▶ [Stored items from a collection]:
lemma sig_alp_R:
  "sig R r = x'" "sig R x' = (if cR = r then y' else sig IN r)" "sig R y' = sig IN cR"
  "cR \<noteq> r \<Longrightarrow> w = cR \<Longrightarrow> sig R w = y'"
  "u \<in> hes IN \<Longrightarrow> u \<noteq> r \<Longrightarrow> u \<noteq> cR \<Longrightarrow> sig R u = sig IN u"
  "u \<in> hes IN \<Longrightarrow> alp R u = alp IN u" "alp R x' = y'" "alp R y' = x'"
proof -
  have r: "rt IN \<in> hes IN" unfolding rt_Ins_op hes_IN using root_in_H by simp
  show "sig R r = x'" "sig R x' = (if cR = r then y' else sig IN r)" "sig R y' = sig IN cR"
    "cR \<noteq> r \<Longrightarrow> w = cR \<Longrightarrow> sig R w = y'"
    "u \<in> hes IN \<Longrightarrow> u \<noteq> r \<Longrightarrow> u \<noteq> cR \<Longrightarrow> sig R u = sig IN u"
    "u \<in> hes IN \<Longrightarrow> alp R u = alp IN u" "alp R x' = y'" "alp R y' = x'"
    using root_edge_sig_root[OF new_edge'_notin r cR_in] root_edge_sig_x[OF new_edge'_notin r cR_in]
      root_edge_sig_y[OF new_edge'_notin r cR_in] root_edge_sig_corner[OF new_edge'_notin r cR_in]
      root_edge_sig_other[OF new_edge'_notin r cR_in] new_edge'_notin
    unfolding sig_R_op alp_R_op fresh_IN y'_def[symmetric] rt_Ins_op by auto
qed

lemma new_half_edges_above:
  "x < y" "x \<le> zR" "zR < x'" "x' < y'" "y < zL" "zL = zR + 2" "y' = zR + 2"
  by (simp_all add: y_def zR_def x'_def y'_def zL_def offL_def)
---
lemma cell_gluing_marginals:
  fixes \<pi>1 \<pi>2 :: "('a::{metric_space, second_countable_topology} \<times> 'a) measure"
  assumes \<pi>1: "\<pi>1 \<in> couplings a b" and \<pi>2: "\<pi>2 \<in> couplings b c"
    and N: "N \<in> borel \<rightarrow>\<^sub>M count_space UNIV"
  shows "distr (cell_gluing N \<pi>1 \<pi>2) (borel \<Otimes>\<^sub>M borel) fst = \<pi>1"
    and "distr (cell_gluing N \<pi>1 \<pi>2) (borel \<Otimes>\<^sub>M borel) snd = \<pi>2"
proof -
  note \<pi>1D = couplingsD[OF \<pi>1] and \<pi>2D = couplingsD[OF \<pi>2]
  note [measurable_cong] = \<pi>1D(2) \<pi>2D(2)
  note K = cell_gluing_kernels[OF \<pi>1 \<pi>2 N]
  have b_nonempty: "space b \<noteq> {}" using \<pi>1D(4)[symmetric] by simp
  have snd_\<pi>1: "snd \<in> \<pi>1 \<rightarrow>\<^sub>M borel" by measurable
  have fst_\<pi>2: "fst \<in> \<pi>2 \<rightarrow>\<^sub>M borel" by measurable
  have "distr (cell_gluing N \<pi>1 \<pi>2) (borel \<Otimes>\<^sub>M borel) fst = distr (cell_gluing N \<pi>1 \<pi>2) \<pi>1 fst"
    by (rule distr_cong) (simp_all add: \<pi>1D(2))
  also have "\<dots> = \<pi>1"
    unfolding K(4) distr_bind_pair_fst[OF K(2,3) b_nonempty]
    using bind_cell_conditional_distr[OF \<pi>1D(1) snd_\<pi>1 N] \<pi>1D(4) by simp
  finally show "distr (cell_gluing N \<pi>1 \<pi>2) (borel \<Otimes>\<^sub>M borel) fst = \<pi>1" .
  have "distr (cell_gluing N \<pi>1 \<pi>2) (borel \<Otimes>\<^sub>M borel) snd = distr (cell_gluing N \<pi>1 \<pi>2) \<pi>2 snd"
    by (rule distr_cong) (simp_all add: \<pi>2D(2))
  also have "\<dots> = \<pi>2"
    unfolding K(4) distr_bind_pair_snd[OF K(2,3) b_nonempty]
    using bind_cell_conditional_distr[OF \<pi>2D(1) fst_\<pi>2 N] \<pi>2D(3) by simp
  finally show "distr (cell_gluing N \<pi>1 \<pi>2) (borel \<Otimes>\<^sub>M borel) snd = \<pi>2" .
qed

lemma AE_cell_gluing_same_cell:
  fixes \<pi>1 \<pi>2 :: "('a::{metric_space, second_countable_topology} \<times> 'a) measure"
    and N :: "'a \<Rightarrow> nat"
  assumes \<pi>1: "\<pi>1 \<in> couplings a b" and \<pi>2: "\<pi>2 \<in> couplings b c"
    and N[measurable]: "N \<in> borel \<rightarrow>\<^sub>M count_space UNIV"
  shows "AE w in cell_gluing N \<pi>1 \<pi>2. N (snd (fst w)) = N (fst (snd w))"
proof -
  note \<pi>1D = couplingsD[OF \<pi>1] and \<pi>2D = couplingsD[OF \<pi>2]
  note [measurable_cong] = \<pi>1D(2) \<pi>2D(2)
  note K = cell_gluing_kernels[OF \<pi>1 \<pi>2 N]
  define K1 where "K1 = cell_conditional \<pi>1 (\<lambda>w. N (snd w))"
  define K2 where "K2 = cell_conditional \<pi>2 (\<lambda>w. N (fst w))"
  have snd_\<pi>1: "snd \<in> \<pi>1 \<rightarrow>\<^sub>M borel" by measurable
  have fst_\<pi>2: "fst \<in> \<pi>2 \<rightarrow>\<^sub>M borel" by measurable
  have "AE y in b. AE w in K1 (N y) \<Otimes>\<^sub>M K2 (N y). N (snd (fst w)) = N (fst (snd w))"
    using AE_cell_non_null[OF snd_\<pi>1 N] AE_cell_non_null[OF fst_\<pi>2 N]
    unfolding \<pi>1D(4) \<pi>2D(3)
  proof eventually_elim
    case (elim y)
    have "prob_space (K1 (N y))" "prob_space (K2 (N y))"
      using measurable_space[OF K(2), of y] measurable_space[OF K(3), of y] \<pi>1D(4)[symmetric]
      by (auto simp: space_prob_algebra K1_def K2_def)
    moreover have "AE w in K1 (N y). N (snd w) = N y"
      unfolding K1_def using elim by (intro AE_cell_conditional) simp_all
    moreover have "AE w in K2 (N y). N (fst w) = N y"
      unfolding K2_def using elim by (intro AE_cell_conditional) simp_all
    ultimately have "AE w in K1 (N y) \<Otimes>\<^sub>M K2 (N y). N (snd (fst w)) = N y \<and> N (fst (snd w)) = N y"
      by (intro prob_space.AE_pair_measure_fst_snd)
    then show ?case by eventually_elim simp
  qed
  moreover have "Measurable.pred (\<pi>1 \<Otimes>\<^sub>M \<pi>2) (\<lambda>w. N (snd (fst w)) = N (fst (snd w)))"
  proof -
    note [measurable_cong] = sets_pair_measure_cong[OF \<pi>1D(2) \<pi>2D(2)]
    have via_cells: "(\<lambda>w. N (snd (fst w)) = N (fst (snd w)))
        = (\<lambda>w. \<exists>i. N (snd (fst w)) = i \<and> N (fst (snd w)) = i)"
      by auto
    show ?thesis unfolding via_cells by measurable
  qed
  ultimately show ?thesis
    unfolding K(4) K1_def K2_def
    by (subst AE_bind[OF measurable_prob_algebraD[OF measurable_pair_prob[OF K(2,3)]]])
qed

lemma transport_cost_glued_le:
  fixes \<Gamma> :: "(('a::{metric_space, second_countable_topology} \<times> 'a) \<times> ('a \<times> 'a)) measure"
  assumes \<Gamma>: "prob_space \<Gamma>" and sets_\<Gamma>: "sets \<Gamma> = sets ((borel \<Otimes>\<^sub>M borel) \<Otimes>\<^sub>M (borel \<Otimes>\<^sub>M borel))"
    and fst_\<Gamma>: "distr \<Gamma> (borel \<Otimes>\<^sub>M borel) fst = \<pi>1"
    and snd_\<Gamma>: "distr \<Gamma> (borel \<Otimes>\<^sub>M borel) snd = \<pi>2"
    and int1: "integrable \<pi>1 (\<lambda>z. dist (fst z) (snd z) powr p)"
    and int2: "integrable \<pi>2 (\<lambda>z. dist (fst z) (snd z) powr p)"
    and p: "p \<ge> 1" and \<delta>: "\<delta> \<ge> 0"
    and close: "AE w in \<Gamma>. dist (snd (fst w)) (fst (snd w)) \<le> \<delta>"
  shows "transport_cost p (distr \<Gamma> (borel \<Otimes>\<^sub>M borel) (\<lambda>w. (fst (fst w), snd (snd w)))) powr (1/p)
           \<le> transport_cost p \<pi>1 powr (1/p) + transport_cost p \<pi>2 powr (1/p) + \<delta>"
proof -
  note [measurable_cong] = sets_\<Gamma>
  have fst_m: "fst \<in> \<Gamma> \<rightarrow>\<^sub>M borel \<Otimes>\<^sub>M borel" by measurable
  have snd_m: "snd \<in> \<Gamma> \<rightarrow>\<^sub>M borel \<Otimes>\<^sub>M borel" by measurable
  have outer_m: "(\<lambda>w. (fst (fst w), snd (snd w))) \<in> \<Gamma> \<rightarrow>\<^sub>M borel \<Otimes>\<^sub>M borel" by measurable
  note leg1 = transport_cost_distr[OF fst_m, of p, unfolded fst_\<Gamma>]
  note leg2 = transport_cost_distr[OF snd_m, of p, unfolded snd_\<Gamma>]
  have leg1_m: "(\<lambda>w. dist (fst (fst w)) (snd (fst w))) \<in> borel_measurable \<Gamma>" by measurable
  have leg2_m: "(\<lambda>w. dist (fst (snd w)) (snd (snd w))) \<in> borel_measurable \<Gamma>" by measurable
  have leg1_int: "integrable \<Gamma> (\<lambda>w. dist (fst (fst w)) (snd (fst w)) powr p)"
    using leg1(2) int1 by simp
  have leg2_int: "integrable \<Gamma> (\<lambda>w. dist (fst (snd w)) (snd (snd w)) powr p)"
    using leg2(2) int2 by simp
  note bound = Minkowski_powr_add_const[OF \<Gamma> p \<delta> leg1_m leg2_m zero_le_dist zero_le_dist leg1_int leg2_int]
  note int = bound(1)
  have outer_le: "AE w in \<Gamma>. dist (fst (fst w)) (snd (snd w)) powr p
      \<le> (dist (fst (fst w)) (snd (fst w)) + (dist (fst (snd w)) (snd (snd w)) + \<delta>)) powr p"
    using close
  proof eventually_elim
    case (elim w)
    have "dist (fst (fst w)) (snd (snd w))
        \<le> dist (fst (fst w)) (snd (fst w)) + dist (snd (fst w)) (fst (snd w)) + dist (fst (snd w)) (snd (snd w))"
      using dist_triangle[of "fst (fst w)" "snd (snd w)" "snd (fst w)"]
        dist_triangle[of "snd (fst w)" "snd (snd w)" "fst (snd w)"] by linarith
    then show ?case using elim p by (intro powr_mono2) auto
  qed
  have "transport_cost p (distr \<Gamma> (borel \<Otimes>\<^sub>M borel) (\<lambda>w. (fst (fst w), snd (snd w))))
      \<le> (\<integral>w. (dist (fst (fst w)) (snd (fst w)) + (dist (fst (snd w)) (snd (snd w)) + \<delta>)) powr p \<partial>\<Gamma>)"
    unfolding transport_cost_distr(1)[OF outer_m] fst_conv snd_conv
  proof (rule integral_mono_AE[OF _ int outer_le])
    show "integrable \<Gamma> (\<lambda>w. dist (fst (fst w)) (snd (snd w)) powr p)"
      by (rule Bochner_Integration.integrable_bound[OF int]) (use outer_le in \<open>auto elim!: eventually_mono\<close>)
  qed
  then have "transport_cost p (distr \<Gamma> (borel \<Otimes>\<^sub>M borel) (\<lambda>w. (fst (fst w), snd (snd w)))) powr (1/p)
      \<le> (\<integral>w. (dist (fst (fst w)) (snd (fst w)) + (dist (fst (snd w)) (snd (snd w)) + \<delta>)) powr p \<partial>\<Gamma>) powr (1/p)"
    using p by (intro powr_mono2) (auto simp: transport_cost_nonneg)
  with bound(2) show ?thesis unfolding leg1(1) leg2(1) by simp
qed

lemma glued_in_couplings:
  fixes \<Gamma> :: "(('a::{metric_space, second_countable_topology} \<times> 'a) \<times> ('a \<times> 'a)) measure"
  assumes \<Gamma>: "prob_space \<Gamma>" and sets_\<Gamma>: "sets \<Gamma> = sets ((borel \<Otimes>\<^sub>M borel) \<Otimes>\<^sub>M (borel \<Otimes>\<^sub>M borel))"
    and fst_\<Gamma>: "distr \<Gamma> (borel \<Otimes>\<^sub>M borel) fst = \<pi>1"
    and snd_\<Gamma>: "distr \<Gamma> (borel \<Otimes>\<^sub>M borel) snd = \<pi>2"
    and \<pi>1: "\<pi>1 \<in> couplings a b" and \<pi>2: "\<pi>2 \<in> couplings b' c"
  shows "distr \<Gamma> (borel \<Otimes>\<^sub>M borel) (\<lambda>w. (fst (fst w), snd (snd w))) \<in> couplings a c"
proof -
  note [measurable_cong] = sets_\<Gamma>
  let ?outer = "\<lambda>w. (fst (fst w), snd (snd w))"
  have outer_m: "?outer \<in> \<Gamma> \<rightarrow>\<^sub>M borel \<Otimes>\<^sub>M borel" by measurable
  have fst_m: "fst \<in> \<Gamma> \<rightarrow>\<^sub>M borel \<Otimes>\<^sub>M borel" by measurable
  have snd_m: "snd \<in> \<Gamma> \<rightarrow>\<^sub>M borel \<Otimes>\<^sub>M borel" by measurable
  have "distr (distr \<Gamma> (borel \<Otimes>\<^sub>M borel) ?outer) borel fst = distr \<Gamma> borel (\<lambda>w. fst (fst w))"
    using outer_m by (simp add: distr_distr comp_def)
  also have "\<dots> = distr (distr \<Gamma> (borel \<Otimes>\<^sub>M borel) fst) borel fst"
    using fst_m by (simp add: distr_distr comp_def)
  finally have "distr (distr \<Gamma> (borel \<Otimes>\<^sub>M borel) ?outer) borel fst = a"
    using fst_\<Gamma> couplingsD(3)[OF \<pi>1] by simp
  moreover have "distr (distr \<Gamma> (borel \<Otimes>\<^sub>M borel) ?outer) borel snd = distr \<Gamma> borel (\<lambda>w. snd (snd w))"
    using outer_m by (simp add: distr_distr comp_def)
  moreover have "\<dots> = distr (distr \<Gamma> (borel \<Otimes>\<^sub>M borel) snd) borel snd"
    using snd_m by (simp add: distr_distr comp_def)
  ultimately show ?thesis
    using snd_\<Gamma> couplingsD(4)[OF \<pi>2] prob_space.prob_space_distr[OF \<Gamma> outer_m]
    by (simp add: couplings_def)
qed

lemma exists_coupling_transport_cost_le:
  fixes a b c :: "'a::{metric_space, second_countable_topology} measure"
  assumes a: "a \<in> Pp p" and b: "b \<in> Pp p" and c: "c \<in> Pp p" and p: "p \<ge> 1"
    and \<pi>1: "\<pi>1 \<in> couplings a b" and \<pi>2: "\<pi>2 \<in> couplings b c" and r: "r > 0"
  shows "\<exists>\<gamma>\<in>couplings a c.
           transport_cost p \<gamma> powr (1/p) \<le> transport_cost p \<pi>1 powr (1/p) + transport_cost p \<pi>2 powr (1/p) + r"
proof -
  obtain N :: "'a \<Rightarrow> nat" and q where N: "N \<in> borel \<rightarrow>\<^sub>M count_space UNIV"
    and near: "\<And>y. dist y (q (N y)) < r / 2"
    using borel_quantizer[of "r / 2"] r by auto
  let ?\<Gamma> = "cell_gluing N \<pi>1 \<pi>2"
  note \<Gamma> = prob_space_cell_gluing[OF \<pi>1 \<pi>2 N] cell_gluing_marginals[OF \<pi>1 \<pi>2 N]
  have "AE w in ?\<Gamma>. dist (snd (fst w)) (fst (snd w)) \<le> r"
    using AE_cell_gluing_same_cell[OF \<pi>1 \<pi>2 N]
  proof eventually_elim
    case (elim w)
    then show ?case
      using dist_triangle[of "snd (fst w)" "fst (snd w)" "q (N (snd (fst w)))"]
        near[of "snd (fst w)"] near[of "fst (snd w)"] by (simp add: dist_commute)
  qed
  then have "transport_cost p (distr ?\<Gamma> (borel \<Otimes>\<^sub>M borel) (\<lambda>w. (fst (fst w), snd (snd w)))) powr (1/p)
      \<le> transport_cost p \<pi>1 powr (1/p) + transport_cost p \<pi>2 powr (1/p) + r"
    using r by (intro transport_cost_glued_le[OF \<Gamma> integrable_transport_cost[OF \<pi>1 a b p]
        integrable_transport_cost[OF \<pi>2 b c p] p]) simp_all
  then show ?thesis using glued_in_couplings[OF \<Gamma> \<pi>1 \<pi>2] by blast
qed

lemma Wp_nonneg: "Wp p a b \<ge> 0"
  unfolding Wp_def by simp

▶ [Aim of the exercise]:
The lines above that hold the string "unfolded" are to be located and copied.

▶ [The answer]:
  note leg1 = transport_cost_distr[OF fst_m, of p, unfolded fst_\<Gamma>]
  note leg2 = transport_cost_distr[OF snd_m, of p, unfolded snd_\<Gamma>]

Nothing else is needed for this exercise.